The Texas-Aetna Settlement:
A Significant Experiment
in Managed Care Reform

By Seth J. Chandler

The mongoose was introduced into Hawaii to control rats. Although it has succeeded in part, with its propensity to hurt desired features of the Hawaiian ecology, it has become a pest arguably worse than the one it has attacked. To many, managed care organizations are the mongoose of the American health care ecology. They were introduced to control a serious problem: runaway inflation of health care costs ignited by pouring tax subsidized fee for service indemnity programs on top of a pre-existing commensal relationship between doctors and their patients.
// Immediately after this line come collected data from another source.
(* Complex *-algebras are modelled as a ring type together with an explicit
   complex scalar multiplication sm and an involution st. *)
definition star_algebra :: "(complex \<Rightarrow> 'a::ring_1 \<Rightarrow> 'a) \<Rightarrow> ('a \<Rightarrow> 'a) \<Rightarrow> bool" where
  "star_algebra sm st \<longleftrightarrow>
     (\<forall>x. sm 1 x = x) \<and> (\<forall>c d x. sm c (sm d x) = sm (c * d) x) \<and>
     (\<forall>c d x. sm (c + d) x = sm c x + sm d x) \<and> (\<forall>c x y. sm c (x + y) = sm c x + sm c y) \<and>
     (\<forall>c x y. sm c (x * y) = sm c x * y) \<and> (\<forall>c x y. sm c (x * y) = x * sm c y) \<and>
     (\<forall>x. st (st x) = x) \<and> (\<forall>x y. st (x + y) = st x + st y) \<and>
     (\<forall>x y. st (x * y) = st y * st x) \<and> (\<forall>c x. st (sm c x) = sm (cnj c) (st x))"

definition is_clinear :: "(complex \<Rightarrow> 'a::ab_group_add \<Rightarrow> 'a) \<Rightarrow> (complex \<Rightarrow> 'c::ab_group_add \<Rightarrow> 'c) \<Rightarrow> ('a \<Rightarrow> 'c) \<Rightarrow> bool" where
  "is_clinear s1 s2 f \<longleftrightarrow> (\<forall>x y. f (x + y) = f x + f y) \<and> (\<forall>c x. f (s1 c x) = s2 c (f x))"
lemma first_generator_nonvanishing_if_R1_in_prime:
  assumes p: "prime_ideal p" and hom: "homogeneous_ideal Rg p" and R1: "Rg 1 \<subseteq> p" and s: "0 < s"
  shows "\<not> fibre_vanishes sc p (g 0)"
proof
  let ?Q = "span (ideal_multiples sc p UNIV)"
  assume "fibre_vanishes sc p (g 0)"
  then obtain u where u: "u \<notin> p" "sc u (g 0) \<in> ?Q" unfolding fibre_vanishes_def by blast
  obtain u0 where u0: "u0 \<in> Rg 0" "u - u0 \<in> p" using congruent_R0_if_R1_in_prime[OF p R1] by blast
  have "u0 \<notin> p" using u0(2) u(1) ideal_add[OF prime_ideal_is_ideal[OF p], of "u - u0" u0] by auto
  then have "u0 \<notin> m0" using max_subset_prime[OF p] by blast
  then obtain b where b: "b * u0 = 1" using unit_if_notin_max[OF u0(1)] by blast
  have "sc (u - u0) (g 0) \<in> ?Q" using u0(2) unfolding ideal_multiples_def by (auto intro: span_base)
  then have "sc u (g 0) - sc (u - u0) (g 0) \<in> ?Q" using u(2) by (rule span_diff[rotated])
  then have "sc u0 (g 0) \<in> ?Q" by (simp add: scale_left_diff_distrib)
  then have "sc b (sc u0 (g 0)) \<in> ?Q" by (rule span_scale)
  then show False using b first_generator_notin_prime_multiples[OF p hom s] by simp
qed

lemma exists_nonvanishing_in_degree:
  assumes p: "prime_ideal p" and hom: "homogeneous_ideal Rg p" and nt: "\<not> loc_trivial sc p"
  shows "\<exists>x\<in>Mg (d 0). \<not> fibre_vanishes sc p x"
proof (cases "Rg 1 \<subseteq> p")
  case True
  then show ?thesis
    using first_generator_nonvanishing_if_R1_in_prime[OF p hom True generators_nonempty[OF p nt]] g_hom
      generators_nonempty[OF p nt] by blast
next
  case False
  then show ?thesis using nonvanishing_in_degree_if_R1_not_in_prime[OF p nt] by blast
qed

lemma exists_common_nonvanishing_in_degree:
  assumes inf: "infinite (residue_field (Rg 0) m0)" and fP: "finite P"
    and P: "\<And>p. p \<in> P \<Longrightarrow> prime_ideal p \<and> homogeneous_ideal Rg p \<and> \<not> loc_trivial sc p"
  obtains x where "x \<in> Mg (d 0)" "\<forall>p\<in>P. \<not> fibre_vanishes sc p x"
proof -
  let ?F = "(\<lambda>p. {x. fibre_vanishes sc p x}) ` P"
  have F: "subspace B \<and> \<not> Mg (d 0) \<subseteq> B" if B: "B \<in> ?F" for B
  proof -
    obtain p where p: "p \<in> P" and B_eq: "B = {x. fibre_vanishes sc p x}" using B by blast
    have "prime_ideal p" "homogeneous_ideal Rg p" "\<not> loc_trivial sc p" using P[OF p] by auto
    then obtain x where "x \<in> Mg (d 0)" "\<not> fibre_vanishes sc p x"
      using exists_nonvanishing_in_degree by blast
    moreover have "subspace {x. fibre_vanishes sc p x}"
      using module_at_prime.subspace_fibre_vanishes[OF module_at_prime[OF \<open>prime_ideal p\<close>]] .
    ultimately show ?thesis unfolding B_eq by blast
  qed
  have "sc a x \<in> Mg (d 0)" if "a \<in> Rg 0" "x \<in> Mg (d 0)" for a x
    using scale_degree[OF that] by simp
  then obtain x where "x \<in> Mg (d 0)" "\<forall>B\<in>?F. x \<notin> B"
    using submodule_avoidance[OF module internal_dsum_0[OF dsum_Mg] internal_dsum_add[OF dsum_Mg]
        _ inf finite_imageI[OF fP] F] by blast
  then show thesis using that by auto
qed

end
lemma lsubst_lsubst_seq:
  "W \<notin> subst_tvars \<sigma> \<Longrightarrow>
   lsubst (lsubst_seq A \<sigma>) (lsubst_seq B \<sigma>) W = lsubst_seq (lsubst A B W) \<sigma>"
  by (induction A \<sigma> arbitrary: B rule: lsubst_seq.induct) (auto simp: lsubst_lsubst)

text \<open>Pushing a substitution under a binder \<open>\<forall>X\<close>: up to alpha-equivalence, the bound
  variable is first renamed to a variable \<open>W\<close> the substitution does not touch.\<close>
lemma to_lty_tsubst_seq_All:
  "W \<notin> ftv T \<Longrightarrow> W \<notin> subst_tvars \<sigma> \<Longrightarrow>
   to_lty (tsubst_seq (All X T) \<sigma>) = to_lty (All W (tsubst_seq T ((TVar W, X) # \<sigma>)))"
  by (simp add: to_lty_tsubst_seq lclose_lsubst_seq lclose_rename to_lty_tsubst)

lemma to_lty_tsubst_tsubst_seq:
  "W \<notin> ftv T \<Longrightarrow> W \<notin> subst_tvars \<sigma> \<Longrightarrow>
   to_lty (tsubst (tsubst_seq T ((TVar W, X) # \<sigma>)) (tsubst_seq U \<sigma>) W)
   = to_lty (tsubst_seq (tsubst T U X) \<sigma>)"
  by (simp add: to_lty_tsubst_seq to_lty_tsubst lsubst_lsubst_seq lsubst_rename)

lemma teq_tsubst_seq: "teq A B \<Longrightarrow> unit_subst \<sigma> \<Longrightarrow> teq (tsubst_seq A \<sigma>) (tsubst_seq B \<sigma>)"
proof (induction arbitrary: \<sigma> rule: teq.induct)
  case (teq_all_smul T X \<alpha>)
  obtain W where W: "W \<notin> ftv T \<union> subst_tvars \<sigma>"
    using fresh_exists[of "ftv T \<union> subst_tvars \<sigma>"] by auto
  define T' where "T' = tsubst_seq T ((TVar W, X) # \<sigma>)"
  have "is_ty T'"
    unfolding T'_def using teq_all_smul by (simp add: is_ty_tsubst_seq is_ty_tsubst)
  hence "teq (All W (SMul \<alpha> T')) (SMul \<alpha> (All W T'))"
    by (rule teq.teq_all_smul)
  then show ?case
    unfolding T'_def
    by (rule teq_if_teq_to_lty_eq)
       (use W teq_all_smul in \<open>auto simp: is_ty_tsubst_seq to_lty_tsubst_seq_All[of W "SMul \<alpha> T"]
          to_lty_tsubst_seq_All[of W T] simp del: tsubst_seq.simps(2)\<close>)
next
  case (teq_alpha T Y X)
  have "to_lty (All X T) = to_lty (All Y (tsubst T (TVar Y) X))"
    using teq_alpha(2) by (cases "Y = X") (auto simp: to_lty_tsubst lclose_rename)
  then show ?case
    using teq_alpha
    by (intro teq_if_to_lty_eq) (auto simp: is_ty_tsubst_seq is_ty_tsubst to_lty_tsubst_seq)
next
  case (teq_all T T' X)
  obtain W where W: "W \<notin> ftv T \<union> ftv T' \<union> subst_tvars \<sigma>"
    using fresh_exists[of "ftv T \<union> ftv T' \<union> subst_tvars \<sigma>"] by auto
  have "teq (tsubst_seq T ((TVar W, X) # \<sigma>)) (tsubst_seq T' ((TVar W, X) # \<sigma>))"
    using teq_all(2)[of "(TVar W, X) # \<sigma>"] teq_all(3) by simp
  hence "teq (All W (tsubst_seq T ((TVar W, X) # \<sigma>))) (All W (tsubst_seq T' ((TVar W, X) # \<sigma>)))"
    by (rule teq.teq_all)
  then show ?case
    by (rule teq_if_teq_to_lty_eq)
       (use W teq_is_ty[OF teq_all(1)] teq_all(3) in
         \<open>auto simp: is_ty_tsubst_seq to_lty_tsubst_seq_All simp del: tsubst_seq.simps(2)\<close>)
qed (auto intro: teq.intros simp: is_ty_tsubst_seq unit_ty_tsubst_seq)

section \<open>Typing under substitution\<close>

fun tvars :: "'a ty \<Rightarrow> tvar set" where
  "tvars (TVar X) = {X}"
| "tvars (Arr U T) = tvars U \<union> tvars T"
| "tvars (All X T) = insert X (tvars T)"
| "tvars (SMul \<alpha> T) = tvars T"
| "tvars TZero = {}"

lemma finite_tvars [simp]: "finite (tvars T)"
  by (induction T) auto

lemma tsubst_TVar_fresh: "W \<notin> tvars A \<Longrightarrow> X \<notin> ftv A \<Longrightarrow> tsubst A (TVar W) X = A"
  by (induction A "TVar W :: 'a ty" X rule: tsubst.induct) auto

definition ctx_subst_seq :: "'a ctx \<Rightarrow> ('a ty \<times> tvar) list \<Rightarrow> 'a ctx" where
  "ctx_subst_seq \<Gamma> \<sigma> = (\<lambda>v. map_option (\<lambda>V. tsubst_seq V \<sigma>) (\<Gamma> v))"

definition tvars_ctx :: "'a ctx \<Rightarrow> tvar set" where
  "tvars_ctx \<Gamma> = \<Union> (tvars ` ran \<Gamma>)"

lemma ctx_subst_eq_ctx_subst_seq: "ctx_subst \<Gamma> Us Xs = ctx_subst_seq \<Gamma> (zip Us Xs)"
  by (simp add: ctx_subst_def ctx_subst_seq_def tsubsts_eq_tsubst_seq)

lemma unit_subst_zip: "\<forall>V \<in> set Us. unit_ty V \<Longrightarrow> unit_subst (zip Us Xs)"
  by (induction Us Xs rule: list_induct2') auto

lemma ctx_ok_finite_tvars:
  "ctx_ok \<Gamma> \<Longrightarrow> finite (ftv_ctx \<Gamma>) \<and> finite (tvars_ctx \<Gamma>)"
  unfolding ctx_ok_def ftv_ctx_def tvars_ctx_def by (auto simp: finite_ran)

lemma ctx_ok_upd: "ctx_ok \<Gamma> \<Longrightarrow> unit_ty U \<Longrightarrow> ctx_ok (\<Gamma>(x \<mapsto> U))"
  unfolding ctx_ok_def by (auto simp: ran_def)

lemma ctx_ok_ctx_subst_seq: "ctx_ok \<Gamma> \<Longrightarrow> unit_subst \<sigma> \<Longrightarrow> ctx_ok (ctx_subst_seq \<Gamma> \<sigma>)"
proof -
  assume "ctx_ok \<Gamma>" "unit_subst \<sigma>"
  moreover have "dom (ctx_subst_seq \<Gamma> \<sigma>) = dom \<Gamma>"
    by (auto simp: ctx_subst_seq_def)
  moreover have "ran (ctx_subst_seq \<Gamma> \<sigma>) = (\<lambda>V. tsubst_seq V \<sigma>) ` ran \<Gamma>"
    by (auto simp: ctx_subst_seq_def ran_def)
  ultimately show ?thesis by (auto simp: ctx_ok_def unit_ty_tsubst_seq)
qed

lemma ctx_subst_seq_upd:
  "ctx_subst_seq (\<Gamma>(x \<mapsto> U)) \<sigma> = (ctx_subst_seq \<Gamma> \<sigma>)(x \<mapsto> tsubst_seq U \<sigma>)"
  by (auto simp: ctx_subst_seq_def)

lemma ctx_subst_seq_rename_fresh:
  assumes "X \<notin> ftv_ctx \<Gamma>" and "W \<notin> tvars_ctx \<Gamma>"
  shows "ctx_subst_seq \<Gamma> ((TVar W, X) # \<sigma>) = ctx_subst_seq \<Gamma> \<sigma>"
proof
  fix v
  show "ctx_subst_seq \<Gamma> ((TVar W, X) # \<sigma>) v = ctx_subst_seq \<Gamma> \<sigma> v"
  proof (cases "\<Gamma> v")
    case (Some V)
    hence "V \<in> ran \<Gamma>" by (auto simp: ran_def)
    hence "X \<notin> ftv V" "W \<notin> tvars V"
      using assms by (auto simp: ftv_ctx_def tvars_ctx_def)
    thus ?thesis using Some by (simp add: ctx_subst_seq_def tsubst_TVar_fresh)
  qed (simp add: ctx_subst_seq_def)
qed

lemma has_type_is_ty: "has_type \<Gamma> t T \<Longrightarrow> ctx_ok \<Gamma> \<Longrightarrow> is_ty T"
proof (induction rule: has_type.induct)
  case (ax \<Gamma> x U)
  then show ?case by (auto simp: ctx_ok_def ran_def intro: unit_ty_is_ty)
next
  case (arrI U \<Gamma> x t T)
  then show ?case using arrI.IH[OF ctx_ok_upd] by simp
qed (auto dest: teq_is_ty simp: is_ty_tsubst)
lemma components_complement_Kset:
  "D \<in> components (- Kset \<omega>) \<longleftrightarrow> (\<exists>z\<in>dual_verts. D = connected_component_set (- Kset \<omega>) z)"
proof
  assume "D \<in> components (- Kset \<omega>)"
  then obtain x where x: "x \<notin> Kset \<omega>" and D: "D = connected_component_set (- Kset \<omega>) x"
    unfolding components_iff by blast
  obtain w where w: "w \<in> dual_verts" "x \<in> dual_box w" using ex_dual_box by blast
  then have "connected_component_set (- Kset \<omega>) x = connected_component_set (- Kset \<omega>) w"
    using dual_box_point_in_component[OF w x] connected_component_eq by blast
  then show "\<exists>z\<in>dual_verts. D = connected_component_set (- Kset \<omega>) z" using D w(1) by blast
next
  assume "\<exists>z\<in>dual_verts. D = connected_component_set (- Kset \<omega>) z"
  then show "D \<in> components (- Kset \<omega>)"
    unfolding components_iff using dual_vert_not_in_Kset by blast
qed

section \<open>Holes and their adjacency\<close>

lemma hole_iff_component:
  "hole \<omega> D \<longleftrightarrow>
     (\<exists>z\<in>dual_verts. finite (dual_cluster \<omega> z) \<and> D = connected_component_set (- Kset \<omega>) z)"
  unfolding hole_def components_complement_Kset
  using bounded_component_iff_finite_dual_cluster by blast

lemma hole_eq_component_if_Int_dual_verts:
  assumes "hole \<omega> D" "z \<in> dual_verts" "D \<inter> dual_verts = dual_cluster \<omega> z"
  shows "D = connected_component_set (- Kset \<omega>) z"
proof -
  obtain z' where D: "D = connected_component_set (- Kset \<omega>) z'"
    using assms(1) hole_iff_component by blast
  have "z \<in> D" using assms(3) dual_cluster_def by fastforce
  then show ?thesis unfolding D by (rule connected_component_eq[symmetric])
qed

lemma hole_of_dual_cluster:
  assumes "z \<in> dual_verts" "finite (dual_cluster \<omega> z)"
  shows "hole_of \<omega> (dual_cluster \<omega> z) = connected_component_set (- Kset \<omega>) z"
  unfolding hole_of_def
proof (rule the_equality)
  show "hole \<omega> (connected_component_set (- Kset \<omega>) z) \<and>
      connected_component_set (- Kset \<omega>) z \<inter> dual_verts = dual_cluster \<omega> z"
    using assms hole_iff_component component_Int_dual_verts by blast
qed (use assms(1) hole_eq_component_if_Int_dual_verts in blast)

lemma hole_of_finite_dual_cluster:
  assumes "C \<in> finite_dual_clusters \<omega>"
  shows "hole \<omega> (hole_of \<omega> C) \<and> hole_of \<omega> C \<inter> dual_verts = C"
proof -
  obtain z where z: "z \<in> dual_verts" "finite (dual_cluster \<omega> z)" and C: "C = dual_cluster \<omega> z"
    using assms unfolding finite_dual_clusters_def by blast
  then have "hole_of \<omega> C = connected_component_set (- Kset \<omega>) z"
    using hole_of_dual_cluster by blast
  then show ?thesis using z C hole_iff_component component_Int_dual_verts by blast
qed

lemma Int_dual_verts_of_hole:
  assumes "hole \<omega> D"
  shows "D \<inter> dual_verts \<in> finite_dual_clusters \<omega> \<and> hole_of \<omega> (D \<inter> dual_verts) = D"
proof -
  obtain z where z: "z \<in> dual_verts" "finite (dual_cluster \<omega> z)"
    and D: "D = connected_component_set (- Kset \<omega>) z"
    using assms hole_iff_component by blast
  then have "D \<inter> dual_verts = dual_cluster \<omega> z" using component_Int_dual_verts by blast
  then show ?thesis using z D hole_of_dual_cluster unfolding finite_dual_clusters_def by auto
qed

lemma frontier_component_in_dual_box:
  assumes "m \<in> frontier (connected_component_set (- Kset \<omega>) z)"
  shows "\<exists>w\<in>dual_verts. w \<in> connected_component_set (- Kset \<omega>) z \<and> m \<in> dual_box w"
proof -
  let ?D = "connected_component_set (- Kset \<omega>) z"
  obtain S where S: "open S" "m \<in> S"
    and near: "\<And>y w. y \<in> S \<Longrightarrow> w \<in> dual_verts \<Longrightarrow> y \<in> dual_box w \<Longrightarrow> m \<in> dual_box w"
    using eventually_nhds_dual_boxes[of m] unfolding eventually_nhds by blast
  have "m \<in> closure ?D" using assms by (simp add: frontier_def)
  then obtain y where y: "y \<in> ?D" "y \<in> S"
    using S unfolding closure_iff_nhds_not_empty by blast
  obtain w where w: "w \<in> dual_verts" "y \<in> dual_box w" using ex_dual_box by blast
  have "y \<notin> Kset \<omega>" using y(1) connected_component_subset by blast
  then have "connected_component_set (- Kset \<omega>) y = connected_component_set (- Kset \<omega>) w"
    using dual_box_point_in_component[OF w] connected_component_eq by blast
  then have "w \<in> ?D" using y(1) connected_component_eq dual_vert_not_in_Kset[OF w(1)] by fastforce
  then show ?thesis using w near[OF y(2) w] by blast
qed

lemma common_boundary_bond_if_adjacent_components:
  assumes z: "z \<in> dual_verts" and z': "z' \<in> dual_verts"
    and disjoint: "connected_component_set (- Kset \<omega>) z \<inter> connected_component_set (- Kset \<omega>) z' = {}"
    and adjacent: "adjacent_holes \<omega> (connected_component_set (- Kset \<omega>) z) (connected_component_set (- Kset \<omega>) z')"
  shows "edge_boundary (dual_cluster \<omega> z) \<inter> edge_boundary (dual_cluster \<omega> z') \<noteq> {}"
proof -
  obtain Q where Q: "Q \<in> faces" "Q \<subseteq> frontier (connected_component_set (- Kset \<omega>) z)"
    "Q \<subseteq> frontier (connected_component_set (- Kset \<omega>) z')"
    using adjacent unfolding adjacent_holes_def by blast
  obtain c k where c: "c \<in> Q" "\<forall>j. j \<noteq> k \<longrightarrow> c$j - 1/2 \<in> \<int>"
    using face_contains_point_with_half_integer_coords[OF Q(1)] by blast
  obtain w where w: "w \<in> dual_verts" "w \<in> connected_component_set (- Kset \<omega>) z" "c \<in> dual_box w"
    using frontier_component_in_dual_box[of c] Q(2) c(1) by blast
  obtain w' where w': "w' \<in> dual_verts" "w' \<in> connected_component_set (- Kset \<omega>) z'" "c \<in> dual_box w'"
    using frontier_component_in_dual_box[of c] Q(3) c(1) by blast
  have "w \<noteq> w'" using w(2) w'(2) disjoint by blast
  then have bond: "dual_bond w w'"
    using dual_bond_if_dual_boxes_share_point[OF w(1,3) w'(1,3) _ c(2)] by blast
  have C: "dual_cluster \<omega> z = connected_component_set (- Kset \<omega>) z \<inter> dual_verts"
    "dual_cluster \<omega> z' = connected_component_set (- Kset \<omega>) z' \<inter> dual_verts"
    using component_Int_dual_verts[OF z] component_Int_dual_verts[OF z'] by simp_all
  have "w \<in> dual_cluster \<omega> z" "w \<notin> dual_cluster \<omega> z'"
    "w' \<in> dual_cluster \<omega> z'" "w' \<notin> dual_cluster \<omega> z"
    unfolding C using w w' disjoint by blast+
  then have "{w, w'} \<in> edge_boundary (dual_cluster \<omega> z)" "{w', w} \<in> edge_boundary (dual_cluster \<omega> z')"
    unfolding edge_boundary_def using bond dual_bond_sym[OF bond] by blast+
  moreover have "{w', w} = {w, w'}" by blast
  ultimately show ?thesis by auto
qed
lemma first_block_lipschitz_l1norm:
  assumes "first_block_lipschitz n d L Z" "0 \<le> L"
  shows "(L * initial_l1norm n d Z)-lipschitz_on {0..1} (\<lambda>v. l1norm d (Z v 0))"
proof (rule lipschitz_onI)
  fix x y :: real assume "x \<in> {0..1}" "y \<in> {0..1}"
  then show "dist (l1norm d (Z x 0)) (l1norm d (Z y 0)) \<le> L * initial_l1norm n d Z * dist x y"
    using assms abs_l1norm_diff_le[of d "Z x 0" "Z y 0"]
    unfolding first_block_lipschitz_def dist_real_def by (fastforce simp: mult_ac)
qed (use assms initial_l1norm_nonneg in simp)

lemma next_block_small:
  assumes Z: "subdiagonal_coercive n d al au K Z"
    and al: "0 < al" and au: "0 \<le> au" and K: "0 \<le> K" and dl: "0 < dl" "dl \<le> 1 / real n"
    and e: "0 \<le> e" and j: "j + 1 < n"
    and small: "\<And>v k. v \<in> {0..1 - real j / real n} \<Longrightarrow> k \<le> j \<Longrightarrow>
                   l1norm d (Z v k) \<le> e * initial_l1norm n d Z"
    and v: "v \<in> {0..1 - real (j + 1) / real n}"
  shows "l1norm d (Z v (j+1)) \<le> (2*e/(al*dl) + au*real n*e/al + K*dl/al) * initial_l1norm n d Z"
proof -
  define Q where "Q = initial_l1norm n d Z"
  define x where "x = l1norm d (Z v (j+1))"
  have Q0: "0 \<le> Q" and x0: "0 \<le> x"
    unfolding Q_def x_def by (rule initial_l1norm_nonneg, rule l1norm_nonneg)
  have split: "real (j + 1) / real n = real j / real n + 1 / real n" by (simp add: add_divide_distrib)
  have j0: "0 \<le> real j / real n" by simp
  have v0: "0 \<le> v" and v1: "v \<le> 1 - real j / real n - 1 / real n" using v split by auto
  have "0 \<le> 1 / real n" by simp
  then have vj: "v \<in> {0..1 - real j / real n}" and vdl: "v + dl \<in> {0..1 - real j / real n}"
    and vdl1: "v + dl \<le> 1"
    using v0 v1 dl j0 by (simp_all, linarith+)
  \<comment> \<open>compare the path at v and v + dl: the increment of block j is small, hence so is block j + 1\<close>
  have coer: "al * dl * x\<^sup>2 \<le> (\<Sum>a<d. Z v (j+1) a * (Z (v+dl) j a - Z v j a))
      + x * (au * dl * (\<Sum>k\<le>j. l1norm d (Z v k)) + K * dl\<^sup>2 * Q)"
    using Z[unfolded subdiagonal_coercive_def, rule_format, of v "v + dl" j] vj vdl1 dl(1) j
    unfolding x_def Q_def by auto
  have "(\<Sum>a<d. Z v (j+1) a * (Z (v+dl) j a - Z v j a)) \<le> x * l1norm d (\<lambda>a. Z (v+dl) j a - Z v j a)"
    unfolding x_def by (rule inner_le_l1norm_mult)
  also have "\<dots> \<le> x * (l1norm d (Z (v+dl) j) + l1norm d (Z v j))"
    by (rule mult_left_mono[OF l1norm_diff_le x0])
  also have "\<dots> \<le> x * (2*e*Q)"
    using x0 small[OF vdl, of j] small[OF vj, of j] unfolding Q_def by (intro mult_left_mono) auto
  finally have increment: "(\<Sum>a<d. Z v (j+1) a * (Z (v+dl) j a - Z v j a)) \<le> x * (2*e*Q)" .
  have "(\<Sum>k\<le>j. l1norm d (Z v k)) \<le> (\<Sum>k\<le>j. e * Q)"
    using small[OF vj] unfolding Q_def by (intro sum_mono) auto
  also have "\<dots> \<le> real n * (e * Q)" using j e Q0 by (simp add: mult_right_mono)
  finally have lower: "x * (au * dl * (\<Sum>k\<le>j. l1norm d (Z v k)) + K * dl\<^sup>2 * Q)
      \<le> x * (au * dl * (real n * (e * Q)) + K * dl\<^sup>2 * Q)"
    using x0 au dl(1) by (intro mult_left_mono add_right_mono) auto
  have "al * dl * x\<^sup>2 \<le> x * (2*e*Q + au*dl*real n*e*Q + K*dl\<^sup>2*Q)"
    using coer increment lower by (simp add: algebra_simps)
  then have "al * dl * x \<le> 2*e*Q + au*dl*real n*e*Q + K*dl\<^sup>2*Q" if "0 < x"
    using that by (simp add: power2_eq_square)
  then have "x * (al * dl) \<le> 2*e*Q + au*dl*real n*e*Q + K*dl\<^sup>2*Q"
    using x0 e Q0 au K dl(1) by (cases "x = 0") (simp_all add: mult_ac)
  then have "x \<le> (2*e*Q + au*dl*real n*e*Q + K*dl\<^sup>2*Q) / (al * dl)"
    using al dl by (simp add: pos_le_divide_eq)
  also have "\<dots> = (2*e/(al*dl) + au*real n*e/al + K*dl/al) * Q"
    using al dl by (simp add: field_simps power2_eq_square)
  finally show ?thesis unfolding x_def Q_def .
qed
They have instead become a widely reviled feature of American life. With their second guessing of the medical necessity for treatments concocted by treating physicians, their forcing of physicians to internalize the cost of treatments they prescribe, and their ability to exaggerate the price advantage of using physicians willing to discount their services, many believe that managed care has too often come at the expense of actual human health -- not to mention the capacious pocketbooks of medical practitioners eager to improve it.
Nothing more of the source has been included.